**Work to complete**
What lines below include the word "lemma"? Copy each one.

________________

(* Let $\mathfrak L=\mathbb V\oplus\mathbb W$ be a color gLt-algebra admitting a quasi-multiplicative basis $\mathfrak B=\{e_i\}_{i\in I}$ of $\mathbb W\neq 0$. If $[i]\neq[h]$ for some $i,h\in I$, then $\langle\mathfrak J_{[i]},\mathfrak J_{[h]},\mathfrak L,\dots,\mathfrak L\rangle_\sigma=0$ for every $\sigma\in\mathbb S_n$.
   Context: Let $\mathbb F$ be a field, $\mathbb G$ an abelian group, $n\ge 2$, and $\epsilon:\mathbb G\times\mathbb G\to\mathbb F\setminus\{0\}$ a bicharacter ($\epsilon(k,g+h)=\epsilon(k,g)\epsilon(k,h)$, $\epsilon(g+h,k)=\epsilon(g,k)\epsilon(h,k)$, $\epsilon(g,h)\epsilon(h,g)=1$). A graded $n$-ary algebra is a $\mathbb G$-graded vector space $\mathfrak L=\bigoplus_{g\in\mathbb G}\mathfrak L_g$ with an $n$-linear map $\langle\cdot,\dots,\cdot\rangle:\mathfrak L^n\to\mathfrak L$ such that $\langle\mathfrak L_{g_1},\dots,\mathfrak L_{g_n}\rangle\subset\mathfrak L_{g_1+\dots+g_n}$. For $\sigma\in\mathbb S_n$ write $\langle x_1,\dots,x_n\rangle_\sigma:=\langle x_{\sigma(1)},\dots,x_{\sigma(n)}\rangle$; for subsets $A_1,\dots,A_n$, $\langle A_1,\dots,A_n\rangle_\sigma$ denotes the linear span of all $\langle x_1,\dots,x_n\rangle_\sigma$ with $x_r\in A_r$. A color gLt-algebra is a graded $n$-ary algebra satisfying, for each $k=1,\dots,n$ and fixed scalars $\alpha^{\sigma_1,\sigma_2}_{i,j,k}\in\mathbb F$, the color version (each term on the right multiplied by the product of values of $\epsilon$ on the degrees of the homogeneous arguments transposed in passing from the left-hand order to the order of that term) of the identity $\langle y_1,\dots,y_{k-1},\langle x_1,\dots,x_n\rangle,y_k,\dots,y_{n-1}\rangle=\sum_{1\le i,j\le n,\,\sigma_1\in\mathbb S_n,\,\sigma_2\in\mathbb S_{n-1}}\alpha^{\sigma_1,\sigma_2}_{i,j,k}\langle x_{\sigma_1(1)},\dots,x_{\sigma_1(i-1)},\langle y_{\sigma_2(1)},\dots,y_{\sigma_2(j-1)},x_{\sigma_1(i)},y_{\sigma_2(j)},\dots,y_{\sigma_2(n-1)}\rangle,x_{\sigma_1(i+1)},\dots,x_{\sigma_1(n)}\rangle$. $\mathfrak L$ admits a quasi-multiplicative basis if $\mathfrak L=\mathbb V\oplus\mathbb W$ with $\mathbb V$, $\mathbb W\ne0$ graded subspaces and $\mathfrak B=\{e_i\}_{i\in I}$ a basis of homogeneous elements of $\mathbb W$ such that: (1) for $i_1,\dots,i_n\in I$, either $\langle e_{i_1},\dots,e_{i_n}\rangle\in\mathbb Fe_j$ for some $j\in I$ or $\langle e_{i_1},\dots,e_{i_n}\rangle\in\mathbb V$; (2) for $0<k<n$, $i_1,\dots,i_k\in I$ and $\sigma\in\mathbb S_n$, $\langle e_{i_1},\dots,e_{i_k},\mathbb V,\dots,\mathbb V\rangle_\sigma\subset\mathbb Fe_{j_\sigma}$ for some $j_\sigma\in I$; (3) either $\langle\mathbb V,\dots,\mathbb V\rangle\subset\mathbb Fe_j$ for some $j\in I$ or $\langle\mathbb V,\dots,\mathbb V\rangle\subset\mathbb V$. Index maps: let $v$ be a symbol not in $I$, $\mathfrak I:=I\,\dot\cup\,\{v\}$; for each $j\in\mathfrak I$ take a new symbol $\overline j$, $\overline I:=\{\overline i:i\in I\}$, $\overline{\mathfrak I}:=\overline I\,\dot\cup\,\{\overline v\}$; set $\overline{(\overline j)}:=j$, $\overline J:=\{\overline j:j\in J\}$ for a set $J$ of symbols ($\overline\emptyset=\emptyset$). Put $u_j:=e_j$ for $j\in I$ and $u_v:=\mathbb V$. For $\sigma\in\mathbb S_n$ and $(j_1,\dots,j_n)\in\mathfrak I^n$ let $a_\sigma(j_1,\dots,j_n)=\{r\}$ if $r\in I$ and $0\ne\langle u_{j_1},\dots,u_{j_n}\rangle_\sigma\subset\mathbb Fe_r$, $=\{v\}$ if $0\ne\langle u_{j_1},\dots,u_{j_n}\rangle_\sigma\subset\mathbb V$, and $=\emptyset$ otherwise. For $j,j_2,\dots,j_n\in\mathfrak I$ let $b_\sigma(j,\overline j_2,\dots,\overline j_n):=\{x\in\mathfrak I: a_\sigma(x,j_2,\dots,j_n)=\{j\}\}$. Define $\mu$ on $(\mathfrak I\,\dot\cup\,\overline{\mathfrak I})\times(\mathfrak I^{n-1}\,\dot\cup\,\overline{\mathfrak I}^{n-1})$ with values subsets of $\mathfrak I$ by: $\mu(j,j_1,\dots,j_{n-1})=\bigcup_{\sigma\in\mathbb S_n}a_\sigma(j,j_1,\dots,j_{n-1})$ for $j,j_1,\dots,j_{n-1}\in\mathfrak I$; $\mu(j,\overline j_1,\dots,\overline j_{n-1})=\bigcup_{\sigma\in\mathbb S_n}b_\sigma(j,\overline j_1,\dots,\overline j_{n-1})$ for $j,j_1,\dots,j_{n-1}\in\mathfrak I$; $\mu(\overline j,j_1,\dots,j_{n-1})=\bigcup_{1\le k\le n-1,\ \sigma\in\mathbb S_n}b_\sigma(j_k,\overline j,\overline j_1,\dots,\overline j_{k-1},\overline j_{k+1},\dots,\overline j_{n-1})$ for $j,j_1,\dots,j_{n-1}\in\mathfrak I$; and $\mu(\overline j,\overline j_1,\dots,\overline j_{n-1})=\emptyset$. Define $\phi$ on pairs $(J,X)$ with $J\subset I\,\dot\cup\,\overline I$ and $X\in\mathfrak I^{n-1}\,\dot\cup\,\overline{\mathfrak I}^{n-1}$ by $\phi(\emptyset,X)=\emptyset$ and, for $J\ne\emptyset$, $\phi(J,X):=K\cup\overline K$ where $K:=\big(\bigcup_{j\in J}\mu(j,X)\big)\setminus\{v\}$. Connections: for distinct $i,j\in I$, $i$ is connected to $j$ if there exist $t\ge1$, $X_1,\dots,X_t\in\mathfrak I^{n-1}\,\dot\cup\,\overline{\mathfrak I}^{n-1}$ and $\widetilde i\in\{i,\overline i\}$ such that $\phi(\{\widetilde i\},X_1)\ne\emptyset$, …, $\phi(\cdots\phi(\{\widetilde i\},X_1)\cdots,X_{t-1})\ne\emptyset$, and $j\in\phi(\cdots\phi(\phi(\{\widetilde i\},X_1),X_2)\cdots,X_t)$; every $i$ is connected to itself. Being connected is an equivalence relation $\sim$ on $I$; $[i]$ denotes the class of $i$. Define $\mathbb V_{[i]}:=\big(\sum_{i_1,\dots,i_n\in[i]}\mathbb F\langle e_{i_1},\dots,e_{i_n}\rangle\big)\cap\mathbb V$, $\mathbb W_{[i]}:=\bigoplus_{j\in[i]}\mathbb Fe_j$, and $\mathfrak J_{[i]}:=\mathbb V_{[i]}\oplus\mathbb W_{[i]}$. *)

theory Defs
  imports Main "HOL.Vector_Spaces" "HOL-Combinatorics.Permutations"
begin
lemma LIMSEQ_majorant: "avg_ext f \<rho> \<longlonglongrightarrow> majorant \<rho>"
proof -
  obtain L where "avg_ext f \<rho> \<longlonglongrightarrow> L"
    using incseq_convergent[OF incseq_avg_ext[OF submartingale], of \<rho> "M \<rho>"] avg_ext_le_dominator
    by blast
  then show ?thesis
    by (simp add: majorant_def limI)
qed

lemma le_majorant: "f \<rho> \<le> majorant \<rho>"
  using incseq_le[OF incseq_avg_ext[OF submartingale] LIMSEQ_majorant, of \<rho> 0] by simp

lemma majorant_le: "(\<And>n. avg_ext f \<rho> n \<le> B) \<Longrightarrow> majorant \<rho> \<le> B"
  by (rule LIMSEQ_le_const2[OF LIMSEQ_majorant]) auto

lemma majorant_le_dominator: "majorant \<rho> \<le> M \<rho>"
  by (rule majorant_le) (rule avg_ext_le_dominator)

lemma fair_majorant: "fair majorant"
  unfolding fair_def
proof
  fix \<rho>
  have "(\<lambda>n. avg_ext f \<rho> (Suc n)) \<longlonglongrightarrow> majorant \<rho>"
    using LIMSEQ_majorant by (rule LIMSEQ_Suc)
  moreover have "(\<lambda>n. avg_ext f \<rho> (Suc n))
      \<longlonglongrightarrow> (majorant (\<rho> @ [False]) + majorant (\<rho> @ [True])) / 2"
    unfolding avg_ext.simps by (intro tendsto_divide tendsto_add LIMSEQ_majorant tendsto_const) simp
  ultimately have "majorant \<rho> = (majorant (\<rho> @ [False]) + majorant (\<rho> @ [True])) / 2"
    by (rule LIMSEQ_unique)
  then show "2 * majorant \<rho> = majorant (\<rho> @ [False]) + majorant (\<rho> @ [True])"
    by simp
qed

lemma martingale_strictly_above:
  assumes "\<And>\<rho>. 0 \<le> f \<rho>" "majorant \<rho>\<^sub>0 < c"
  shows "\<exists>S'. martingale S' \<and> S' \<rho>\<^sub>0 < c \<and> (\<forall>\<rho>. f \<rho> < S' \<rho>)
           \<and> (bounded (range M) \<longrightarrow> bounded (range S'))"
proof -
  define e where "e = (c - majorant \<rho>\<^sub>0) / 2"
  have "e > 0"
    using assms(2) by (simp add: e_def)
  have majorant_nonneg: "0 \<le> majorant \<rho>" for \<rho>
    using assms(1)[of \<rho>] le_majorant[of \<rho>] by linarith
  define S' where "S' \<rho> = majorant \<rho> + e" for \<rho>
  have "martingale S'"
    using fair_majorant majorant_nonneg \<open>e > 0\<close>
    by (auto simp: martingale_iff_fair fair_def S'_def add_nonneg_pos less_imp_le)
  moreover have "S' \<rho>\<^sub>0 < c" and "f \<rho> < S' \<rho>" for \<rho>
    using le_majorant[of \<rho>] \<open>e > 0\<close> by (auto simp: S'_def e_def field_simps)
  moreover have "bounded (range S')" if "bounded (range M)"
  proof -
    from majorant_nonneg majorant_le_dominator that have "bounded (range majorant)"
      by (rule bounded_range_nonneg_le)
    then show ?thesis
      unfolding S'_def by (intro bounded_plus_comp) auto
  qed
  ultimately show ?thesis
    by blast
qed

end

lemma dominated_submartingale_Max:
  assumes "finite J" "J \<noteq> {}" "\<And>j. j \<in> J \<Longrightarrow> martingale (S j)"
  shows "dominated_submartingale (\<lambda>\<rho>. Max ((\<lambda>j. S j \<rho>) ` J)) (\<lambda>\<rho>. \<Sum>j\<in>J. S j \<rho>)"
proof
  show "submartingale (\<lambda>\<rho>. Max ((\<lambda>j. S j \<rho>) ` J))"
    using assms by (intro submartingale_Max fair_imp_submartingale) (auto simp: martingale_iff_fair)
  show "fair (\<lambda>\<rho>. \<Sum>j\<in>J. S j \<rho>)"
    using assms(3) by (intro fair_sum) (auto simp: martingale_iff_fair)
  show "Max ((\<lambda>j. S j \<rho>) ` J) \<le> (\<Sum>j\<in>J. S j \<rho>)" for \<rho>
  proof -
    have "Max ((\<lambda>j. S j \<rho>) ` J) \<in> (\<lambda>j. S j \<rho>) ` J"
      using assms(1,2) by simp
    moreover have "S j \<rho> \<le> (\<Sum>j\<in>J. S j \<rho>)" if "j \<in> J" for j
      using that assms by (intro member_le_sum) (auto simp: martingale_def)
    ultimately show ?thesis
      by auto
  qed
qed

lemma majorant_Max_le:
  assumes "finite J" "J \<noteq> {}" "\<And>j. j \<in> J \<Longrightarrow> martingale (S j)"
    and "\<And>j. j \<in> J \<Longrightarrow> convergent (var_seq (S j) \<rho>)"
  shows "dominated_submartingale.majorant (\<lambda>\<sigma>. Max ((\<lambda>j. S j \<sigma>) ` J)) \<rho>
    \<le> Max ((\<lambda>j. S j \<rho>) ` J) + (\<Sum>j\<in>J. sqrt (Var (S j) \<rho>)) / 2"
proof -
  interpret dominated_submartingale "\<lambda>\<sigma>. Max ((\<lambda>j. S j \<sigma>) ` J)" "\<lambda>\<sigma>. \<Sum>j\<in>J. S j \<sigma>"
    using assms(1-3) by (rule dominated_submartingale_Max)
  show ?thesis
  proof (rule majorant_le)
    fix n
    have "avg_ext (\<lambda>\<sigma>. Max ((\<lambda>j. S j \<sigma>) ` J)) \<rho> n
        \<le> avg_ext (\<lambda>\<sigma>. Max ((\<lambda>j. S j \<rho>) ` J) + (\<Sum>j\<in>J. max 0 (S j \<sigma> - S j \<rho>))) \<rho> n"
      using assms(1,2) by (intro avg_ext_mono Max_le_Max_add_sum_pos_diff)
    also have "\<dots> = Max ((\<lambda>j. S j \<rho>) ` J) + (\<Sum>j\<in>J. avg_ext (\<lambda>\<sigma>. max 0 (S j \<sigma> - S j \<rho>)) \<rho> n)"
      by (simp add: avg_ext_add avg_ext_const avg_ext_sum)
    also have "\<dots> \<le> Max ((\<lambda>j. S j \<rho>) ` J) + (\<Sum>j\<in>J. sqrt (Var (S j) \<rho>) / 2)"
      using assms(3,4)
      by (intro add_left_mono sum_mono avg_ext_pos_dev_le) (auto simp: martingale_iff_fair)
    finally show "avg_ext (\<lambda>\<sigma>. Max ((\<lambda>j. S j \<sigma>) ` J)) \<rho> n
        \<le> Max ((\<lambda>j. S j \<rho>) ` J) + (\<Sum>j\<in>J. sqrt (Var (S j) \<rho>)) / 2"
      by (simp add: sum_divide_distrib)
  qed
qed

________________

**Output of the task**
lemma LIMSEQ_majorant: "avg_ext f \<rho> \<longlonglongrightarrow> majorant \<rho>"
lemma le_majorant: "f \<rho> \<le> majorant \<rho>"
lemma majorant_le: "(\<And>n. avg_ext f \<rho> n \<le> B) \<Longrightarrow> majorant \<rho> \<le> B"
lemma majorant_le_dominator: "majorant \<rho> \<le> M \<rho>"
lemma fair_majorant: "fair majorant"
lemma martingale_strictly_above:
lemma dominated_submartingale_Max:
lemma majorant_Max_le:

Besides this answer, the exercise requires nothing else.